Bentang Sabang sampai Merauke itu hampir sama panjangnya dengan bentang pantai barat sampai pantai timur benua Amerika Serikat. Namun ada perbedaan mencolok di sini. Indonesia adalah negara maritim alias kepulauan, dan itu membutuhkan waktu hampir setahun untuk menuntaskan kunjungan kesemua tempat dari Sabang sampai Merauke, dari Miangas hingga Rote. Amerika Serikat adalah negeri benua yang notabene daratan, dan dengan infrastruktur jalanan yang canggih, maka untuk perjalanan dari pantai barat hingga pantai timur benua Amerika Serikat hanya memerlukan waktu tempuh 3 hari saja. Damn!

Saya ikut meradang, ketika membaca lembar demi lembar catatan perjalanan Ahmad Yunus ini. Betapa tidak, negeri yang katanya negeri bahari tapi tak becus mengurus pulau-pulau dan menjaga kekayaan laut. Saya ingat buku “Arus Balik” Pram yang seolah menggugat cara berpikir para pemimpin kita (mungkin juga rakyatnya) yang melupakan laut dan justru konsentrasi ke darat. Kejayaan Nusantara itu sudah terbukti di laut, maka dulu muncul kerjaaan besar macam Sriwijaya dan Majapahit yang mengusai lautan. Saya ikut sedih melihat kenyataan Angkatan Laut kita yang justru kerdil dibandingkan Angkatan Darat. Damn!
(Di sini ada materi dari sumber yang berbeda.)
lemma cring_S0_ring:
  assumes S1_nonempty: "S_at S tm z u \<noteq> {}"
    and S0_eq: "S0 = {tm u x | x. x \<in> S0}"
  shows "cring S0_ring"
proof -
  have unit_tm: "tm u x = x" if x: "x \<in> S0" for x
  proof -
    obtain y where y: "y \<in> S0" "x = tm u y"
      using x S0_eq by blast
    then show ?thesis
      using S0_tm_assoc[OF unit_in_S0 unit_in_S0 y(1)] unit_tm_unit[OF S1_nonempty] by simp
  qed
  show ?thesis
  proof (rule cringI)
    show "abelian_group S0_ring"
    proof (rule abelian_groupI; simp)
      show "\<exists>y\<in>S0. pl y x = z" if "x \<in> S0" for x
        using S0_neg_closed[OF that] S0_subset[OF that] by force
    qed (auto simp: S0_pl_closed zero_in_S0 S0_subset pl_assoc intro: pl_commute)
    show "comm_monoid S0_ring"
      by (rule comm_monoidI; simp)
        (auto simp: S0_tm_closed unit_in_S0 S0_tm_assoc unit_tm S0_subset intro: tm_commute)
    fix x y w
    assume "x \<in> carrier S0_ring" "y \<in> carrier S0_ring" "w \<in> carrier S0_ring"
    then have x: "x \<in> S0" and y: "y \<in> S0" and w: "w \<in> S0" by simp_all
    have "tm (pl x y) w = pl (tm x w) (tm y w)"
      using S0_tm_pl[OF w] tm_commute S0_subset x y w by simp
    then show "(x \<oplus>\<^bsub>S0_ring\<^esub> y) \<otimes>\<^bsub>S0_ring\<^esub> w =
        x \<otimes>\<^bsub>S0_ring\<^esub> w \<oplus>\<^bsub>S0_ring\<^esub> y \<otimes>\<^bsub>S0_ring\<^esub> w"
      by simp
  qed
qed

end

theorem theorem3p1p1:
  fixes S :: "'a set" and pl tm :: "'a \<Rightarrow> 'a \<Rightarrow> 'a" and z u :: 'a
  assumes "Essential_S_Structure S pl tm z u"
  shows "cring \<lparr>carrier = S_at S tm z z, mult = tm, one = u, zero = z, add = pl\<rparr>"
proof -
  interpret comm_wheel_S_structure S pl tm z u
    using assms unfolding comm_wheel_S_structure_def Essential_S_Structure_def S_Structure_def
    by blast
  have "S_at S tm z u \<noteq> {}"
    using assms by (auto simp: Essential_S_Structure_def Standard_Bases_def Is_Base_def)
  moreover have "S0 = {tm u x | x. x \<in> S0}"
    using assms by (simp add: Essential_S_Structure_def)
  ultimately show ?thesis
    by (rule cring_S0_ring)
qed

end
(* Let $\kappa$ be an infinite cardinal and let $x$ be a regular ultrafilter on $\kappa$. Assume $Y$ is a compact Hausdorff space with $w(Y)\le\kappa$, $F\subseteq Y$ has empty interior, and $y\in F$. Then there is a map $g:\kappa\to Y$ such that: (A) $\beta g$ maps $\beta\kappa$ onto $Y$; (B) $(\beta g)(x) = y$; (C) $g(\xi)\notin F$ for all $\xi<\kappa$; (D) $(\beta g)^{-1}(F)$ is nowhere dense in $\beta\kappa$.
   Context: $\beta\kappa$ is the Čech–Stone compactification of the discrete space $\kappa$, i.e. the space of ultrafilters on $\kappa$ with principal ultrafilters identified with points of $\kappa$. For $g:\kappa\to Y$ with $Y$ compact Hausdorff, $\beta g:\beta\kappa\to Y$ is the unique continuous extension of $g$. An ultrafilter $x$ on $\kappa$ is regular if there are sets $E_\alpha\in x$ ($\alpha<\kappa$) such that for every $\xi<\kappa$ the set $\{\alpha<\kappa : \xi\in E_\alpha\}$ is finite. $w(Y)$ is the weight of $Y$. *)

theory Defs
  imports "HOL-Analysis.Analysis"
begin

unbundle cardinal_syntax

definition ultrafilter_on :: "'k set set \<Rightarrow> bool" where
  "ultrafilter_on u \<longleftrightarrow>
     UNIV \<in> u \<and> {} \<notin> u \<and>
     (\<forall>A B. A \<in> u \<and> A \<subseteq> B \<longrightarrow> B \<in> u) \<and>
     (\<forall>A B. A \<in> u \<and> B \<in> u \<longrightarrow> A \<inter> B \<in> u) \<and>
     (\<forall>A. A \<in> u \<or> - A \<in> u)"

text \<open>Principal ultrafilter: identification of a point of 'k with a point of beta 'k.\<close>
definition principal_uf :: "'k \<Rightarrow> 'k set set" where
  "principal_uf \<xi> = {A. \<xi> \<in> A}"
Buku “Meraba Indonesia” ini benar-benar sebuah perenungan dahsyat seorang anak negeri yang sedang meraba-raba kebesaran negerinya. Kita ini sebesar apa? Sebesar gajah atau semut? Kalau dibilang gajah, jangan-jangan kita hanya mampu menyentuh belalainya, badan dan kakinya entah hilang sudah kemana. Dijual obral oleh para penguasa tengkulak kepada penguasa asing. Jangan-jangan kita ikut menggadaikan kekayaan alam kita sendiri, ikut merampok hasil keringat sendiri. Maka saya kembali meradang ketika mendapati kenyataan bahwa perompak di Selat Malaka ternyata tak lain dan tak bukan adalah aparat kita sendiri. Damn!

Dalam catatan perjalanan selama 10 bulan itulah, kita akan disuguhi wajah asli Indonesiakita. Menjumpai pulau-pulau terluar yang jarang kita dengar namanya. Jangan lupa, disanaada penduduknya. Mereka adalah bagian dariIndonesia. Indonesia itu bukan Jawa, bukan Jakarta! Dan Ahmad Yunus menuliskannya dengan gaya jurnalisme sastrawi. Membacanya seakan menyimak manisnya persahabatan warga Nusantara dan keindahan alamnya, berikut kegetiran yang mereka alami. Semua itu saling berkelindan dan sambung menyambung menjadi satu: sasakala Indonesia.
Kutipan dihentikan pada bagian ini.